# Glow in the dark decor



## AyalaCookiejar (Nov 20, 2012)

I am specifically asking about those moon caves and large rock type things that Walmart sells but it doesn't matter much because I don't really have room for more decor, lol.

I am curious what you guys think of glow in the dark decor? I have found some that look neat but I'd be worried that it glowing in the dark would keep my fish awake at night, lol.

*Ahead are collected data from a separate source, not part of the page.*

(* Let $d\ge2$, $N\ge1$, $\boldsymbol{\alpha}=(\alpha_1,\dots,\alpha_d)$ with all $\alpha_i>0$, and $s$ an integer with $0\le s\le N$. Each of the Pólya level model, the Pólya down-up model and the Pólya up-down model with these parameters is a Markov chain on $\mathcal{X}_N^d$ that is reversible with respect to the Dirichlet-multinomial distribution $\mathcal{DM}(\cdot\mid N,\boldsymbol{\alpha})$.
   Context: $\mathcal{X}_N^d=\{\mathbf{x}\in\mathbb{N}_0^d:|\mathbf{x}|=N\}$, where $|\mathbf{x}|=\sum_i x_i$. Rising factorial: $a_{(k)}=a(a+1)\cdots(a+k-1)$, $a_{(0)}=1$. The Dirichlet-multinomial distribution is $\mathcal{DM}(\mathbf{x}\mid N,\boldsymbol{\alpha})=\frac{N!}{x_1!\cdots x_d!}\frac{\prod_{i=1}^d(\alpha_i)_{(x_i)}}{|\boldsymbol{\alpha}|_{(N)}}$ for $\mathbf{x}\in\mathcal{X}_N^d$, where $|\boldsymbol{\alpha}|=\sum_i\alpha_i$. Pólya urn models: an urn contains $d$ special balls, the $i$-th of color $i$ and weight $\alpha_i$, together with $N$ ordinary balls, each of unit weight and of one of the colors $1,\dots,d$. A Pólya draw consists of choosing a ball from the urn (special or ordinary) with probability proportional to its weight, and returning it together with one new ordinary ball (unit weight) of the same color. One step of the Pólya level model: mark $s$ of the $N$ ordinary balls uniformly at random (without replacement); perform $s$ successive Pólya draws (the marked balls stay in the urn during the draws); then remove the $s$ marked balls. One step of the Pólya down-up model: remove $s$ ordinary balls chosen uniformly at random among the $N$ ordinary balls, then perform $s$ successive Pólya draws. One step of the Pólya up-down model: perform $s$ successive Pólya draws, then remove $s$ ordinary balls chosen uniformly at random among the $N+s$ ordinary balls. In all three models the state $\mathbf{X}_t\in\mathcal{X}_N^d$ is the vector of color counts of the $N$ ordinary balls after $t$ steps. *)

theory Defs
  imports "HOL-Probability.Probability"
begin

text \<open>Colors are the elements of a finite type 'c (d = CARD('c)).
  A state is a vector of color counts 'c => nat.\<close>

definition XN :: "nat \<Rightarrow> ('c::finite \<Rightarrow> nat) set" where
  "XN N = {x. (\<Sum>i\<in>UNIV. x i) = N}"

definition DM :: "nat \<Rightarrow> ('c::finite \<Rightarrow> real) \<Rightarrow> ('c \<Rightarrow> nat) \<Rightarrow> real" where
  "DM N \<alpha> x = (if x \<in> XN N then
      fact N / (\<Prod>i\<in>UNIV. fact (x i))
      * (\<Prod>i\<in>UNIV. pochhammer (\<alpha> i) (x i)) / pochhammer (\<Sum>i\<in>UNIV. \<alpha> i) N
    else 0)"

definition balls :: "('c \<Rightarrow> nat) \<Rightarrow> ('c \<times> nat) set" where
  "balls x = {(c, k). k < x c}"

I know I have seen a few other members who have had those moon caves.


----------



## MattsBettas (Dec 18, 2012)

I wouldn't put them in my tank for a couple reasons... That would probably disrupt the fish's circadian rythem, and who knows what weird chemicals might leach into the water.


----------



## sareena79 (Sep 10, 2012)

I have the moon cave. It barely glows at all and not for very long so if u are worried about it bothering your fish then dont be. I got mine b/c it was a nice natural looking cave that coordinated well with my other decor. the glowing was just an added bonus but like I said mine doesnt glow much and its under led lights most of the day


----------



## AyalaCookiejar (Nov 20, 2012)

Thank you! I do kind of like the look of the moon caves just because they are simple and I'm a simple type of person, lol.

I guess I never thought of what actually makes something glow in the dark. I guess I'll have to do a little more research first...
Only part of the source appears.